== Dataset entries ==
══════
lemma inj_on_mrow:
  assumes "1 \<le> n"
  shows "inj_on (mrow n) {..<2 ^ n}"
proof (rule inj_onI)
  fix i j assume i: "i \<in> {..<2 ^ n}" and j: "j \<in> {..<2 ^ n}" and "mrow n i = mrow n j"
  then have col: "mmat n i s = mmat n j s" if "s < 2 ^ n" for s
    using that by (auto simp: mrow_def)
  have "(\<forall>p<n. bit i p \<or> bit s p) \<longleftrightarrow> (\<forall>p<n. bit j p \<or> bit s p)" if "s < 2 ^ n" for s :: nat
    using col[OF that] that i j mmat_eq_bits[OF assms] by (metis lessThan_iff zero_neq_one)
  then show "i = j" using i j eq_if_same_covering_partners by blast
qed

lemma bij_betw_mrow_code_C:
  assumes "1 \<le> n"
  shows "bij_betw (mrow n) {..<2 ^ n} (code_C n)"
  using inj_on_mrow[OF assms] by (auto simp: bij_betw_def code_C_def)

definition atom :: "'a::boolean_algebra \<Rightarrow> bool" where
  "atom a \<longleftrightarrow> a \<noteq> bot \<and> (\<forall>y \<le> a. y = bot \<or> y = a)"

definition atoms_below :: "'a::boolean_algebra \<Rightarrow> 'a set" where
  "atoms_below x = {a. atom a \<and> a \<le> x}"

lemma atom_le_or_le_compl:
  assumes "atom a" shows "a \<le> x \<or> a \<le> - x"
proof -
  have "inf a x = bot \<or> inf a x = a" using assms inf_le1[of a x] unfolding atom_def by blast
  then show ?thesis using inf_shunt[of a x] inf.absorb_iff1[of a x] by auto
qed

lemma atom_le_sup_iff:
  assumes "atom a" shows "a \<le> sup x y \<longleftrightarrow> a \<le> x \<or> a \<le> y"
proof
  assume "a \<le> sup x y"
  then have "inf a (- x) \<le> y" by (simp add: sup_neg_inf)
  then have "a \<le> - x \<Longrightarrow> a \<le> y" by (simp add: inf_absorb1)
  then show "a \<le> x \<or> a \<le> y" using atom_le_or_le_compl[OF assms] by blast
qed (auto intro: le_supI1 le_supI2)

lemma atom_le_atom_iff: "atom a \<Longrightarrow> atom b \<Longrightarrow> a \<le> b \<longleftrightarrow> a = b"
  by (auto simp: atom_def)

lemma atoms_below_sup: "atoms_below (sup x y) = atoms_below x \<union> atoms_below y"
  by (auto simp: atoms_below_def atom_le_sup_iff)

lemma atoms_below_bot: "atoms_below bot = {}"
  by (auto simp: atoms_below_def atom_def bot_unique)

lemma atoms_below_atom: "atom a \<Longrightarrow> atoms_below a = {a}"
  by (auto simp: atoms_below_def atom_le_atom_iff)

lemma atoms_below_top: "atoms_below top = {a. atom a}"
  by (simp add: atoms_below_def)

lemma exists_atom_below:
  fixes x :: "'a::{boolean_algebra, finite}"
  assumes "x \<noteq> bot" shows "\<exists>a. atom a \<and> a \<le> x"
proof -
  obtain a where "a \<noteq> bot" "a \<le> x" and minimal: "\<And>y. y \<noteq> bot \<Longrightarrow> y \<le> a \<Longrightarrow> a = y"
    using finite_has_minimal2[of "{y. y \<noteq> bot}" x] assms by auto
  have "y = bot \<or> y = a" if "y \<le> a" for y using minimal[of y] that by auto
  then have "atom a" using \<open>a \<noteq> bot\<close> by (simp add: atom_def)
  with \<open>a \<le> x\<close> show ?thesis by blast
qed

lemma le_iff_atoms_below:
  fixes x y :: "'a::{boolean_algebra, finite}"
  shows "x \<le> y \<longleftrightarrow> atoms_below x \<subseteq> atoms_below y"
proof
  assume below: "atoms_below x \<subseteq> atoms_below y"
  show "x \<le> y"
  proof (rule ccontr)
    assume "\<not> x \<le> y"
    then have "inf x (- y) \<noteq> bot" using inf_shunt[of x "- y"] by simp
    then obtain a where a: "atom a" "a \<le> inf x (- y)" using exists_atom_below by blast
    then have "a \<le> y" "a \<le> - y" using below by (auto simp: atoms_below_def)
    then have "a = bot" by (metis bot_unique inf_compl_bot le_inf_iff)
    then show False using a(1) by (simp add: atom_def)
  qed
qed (auto simp: atoms_below_def)

lemma bij_betw_atoms_below:
  "bij_betw atoms_below (UNIV :: 'a::{boolean_algebra, finite} set) (Pow {a. atom a})"
proof -
  have "inj (atoms_below :: 'a \<Rightarrow> 'a set)"
  proof (rule injI)
    fix x y :: 'a assume "atoms_below x = atoms_below y"
    then show "x = y" using le_iff_atoms_below[of x y] le_iff_atoms_below[of y x] by auto
  qed
  moreover have "S \<in> range atoms_below" if "S \<subseteq> {a :: 'a. atom a}" for S
  proof -
    have "finite S" by simp
    then show ?thesis using that
    proof (induction S rule: finite_induct)
      case empty
      show ?case using atoms_below_bot by (metis rangeI)
    next
      case (insert a S)
      then obtain x where "atoms_below x = S" by auto
      then have "atoms_below (sup a x) = insert a S"
        using insert.prems by (simp add: atoms_below_sup atoms_below_atom)
      then show ?case by (metis rangeI)
    qed
  qed
  moreover have "range atoms_below \<subseteq> Pow {a :: 'a. atom a}" by (auto simp: atoms_below_def)
  ultimately show ?thesis unfolding bij_betw_def by blast
qed

lemma card_atoms:
  assumes "card (UNIV :: 'a::{boolean_algebra, finite} set) = 2 ^ n"
  shows "card {a :: 'a. atom a} = n"
proof -
  have "card (UNIV :: 'a set) = 2 ^ card {a :: 'a. atom a}"
    using bij_betw_same_card[OF bij_betw_atoms_below] by (simp add: card_Pow)
  then have "(2::nat) ^ card {a :: 'a. atom a} = 2 ^ n" using assms by linarith
  then show ?thesis using power_inject_exp[of "2::nat"] by simp
qed

lemma sup_eq_top_iff_atoms_below:
  fixes x y :: "'a::{boolean_algebra, finite}"
  shows "sup x y = top \<longleftrightarrow> atoms_below x \<union> atoms_below y = {a. atom a}"
proof -
  have "sup x y = top \<longleftrightarrow> atoms_below top \<subseteq> atoms_below (sup x y)"
    using le_iff_atoms_below[of top "sup x y"] top.extremum_unique by blast
  also have "\<dots> \<longleftrightarrow> {a. atom a} \<subseteq> atoms_below x \<union> atoms_below y"
    by (simp add: atoms_below_sup atoms_below_top)
  also have "\<dots> \<longleftrightarrow> atoms_below x \<union> atoms_below y = {a. atom a}"
    by (auto simp: atoms_below_def)
  finally show ?thesis .
qed

lemma boolean_algebra_enumeration_by_bits:
  assumes "card (UNIV :: 'a::{boolean_algebra, finite} set) = 2 ^ n"
  obtains alpha :: "nat \<Rightarrow> 'a::{boolean_algebra, finite}" where "bij_betw alpha {..<2 ^ n} UNIV"
    and "\<And>i j. i < 2 ^ n \<Longrightarrow> j < 2 ^ n \<Longrightarrow>
           sup (alpha i) (alpha j) = top \<longleftrightarrow> (\<forall>p<n. bit i p \<or> bit j p)"
proof -
  obtain e where e: "bij_betw e {..<n} {a :: 'a. atom a}"
    using ex_bij_betw_nat_finite[of "{a :: 'a. atom a}"] card_atoms[OF assms]
    by (auto simp: lessThan_atLeast0)
  have repr: "bij_betw (\<lambda>j. e ` bitset n j) {..<2 ^ n} (Pow {a :: 'a. atom a})"
    using bij_betw_trans[OF bij_betw_bitset bij_betw_Pow[OF e]] by (simp add: comp_def)
  define alpha where "alpha = (\<lambda>j. inv_into UNIV atoms_below (e ` bitset n j))"
  have "bij_betw alpha {..<2 ^ n} UNIV"
    using bij_betw_trans[OF repr bij_betw_inv_into[OF bij_betw_atoms_below]]
    by (simp add: alpha_def comp_def)
  moreover have "sup (alpha i) (alpha j) = top \<longleftrightarrow> (\<forall>p<n. bit i p \<or> bit j p)"
    if "i < 2 ^ n" "j < 2 ^ n" for i j
  proof -
    have below: "atoms_below (alpha j) = e ` bitset n j" if "j < 2 ^ n" for j
      using that repr bij_betw_atoms_below unfolding alpha_def bij_betw_def
      by (metis f_inv_into_f image_eqI lessThan_iff)
    have "sup (alpha i) (alpha j) = top \<longleftrightarrow> e ` (bitset n i \<union> bitset n j) = e ` {..<n}"
      using below that e by (simp add: sup_eq_top_iff_atoms_below image_Un bij_betw_def)
    also have "\<dots> \<longleftrightarrow> bitset n i \<union> bitset n j = {..<n}"
      using e bitset_subset by (intro inj_on_image_eq_iff) (auto simp: bij_betw_def)
    finally show ?thesis by (simp add: bitset_Un_eq_iff)
  qed
  ultimately show ?thesis using that by blast
qed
══════
== Activity ==
Once the line with "eq_if_same_covering_partners by blast" is found in the records above, print exactly that line and every line after it through the line with "by (auto simp: atoms_below_def atom_def".

== Your solution ==
  then show "i = j" using i j eq_if_same_covering_partners by blast
qed

lemma bij_betw_mrow_code_C:
  assumes "1 \<le> n"
  shows "bij_betw (mrow n) {..<2 ^ n} (code_C n)"
  using inj_on_mrow[OF assms] by (auto simp: bij_betw_def code_C_def)

definition atom :: "'a::boolean_algebra \<Rightarrow> bool" where
  "atom a \<longleftrightarrow> a \<noteq> bot \<and> (\<forall>y \<le> a. y = bot \<or> y = a)"

definition atoms_below :: "'a::boolean_algebra \<Rightarrow> 'a set" where
  "atoms_below x = {a. atom a \<and> a \<le> x}"

lemma atom_le_or_le_compl:
  assumes "atom a" shows "a \<le> x \<or> a \<le> - x"
proof -
  have "inf a x = bot \<or> inf a x = a" using assms inf_le1[of a x] unfolding atom_def by blast
  then show ?thesis using inf_shunt[of a x] inf.absorb_iff1[of a x] by auto
qed

lemma atom_le_sup_iff:
  assumes "atom a" shows "a \<le> sup x y \<longleftrightarrow> a \<le> x \<or> a \<le> y"
proof
  assume "a \<le> sup x y"
  then have "inf a (- x) \<le> y" by (simp add: sup_neg_inf)
  then have "a \<le> - x \<Longrightarrow> a \<le> y" by (simp add: inf_absorb1)
  then show "a \<le> x \<or> a \<le> y" using atom_le_or_le_compl[OF assms] by blast
qed (auto intro: le_supI1 le_supI2)

lemma atom_le_atom_iff: "atom a \<Longrightarrow> atom b \<Longrightarrow> a \<le> b \<longleftrightarrow> a = b"
  by (auto simp: atom_def)

lemma atoms_below_sup: "atoms_below (sup x y) = atoms_below x \<union> atoms_below y"
  by (auto simp: atoms_below_def atom_le_sup_iff)

lemma atoms_below_bot: "atoms_below bot = {}"
  by (auto simp: atoms_below_def atom_def bot_unique)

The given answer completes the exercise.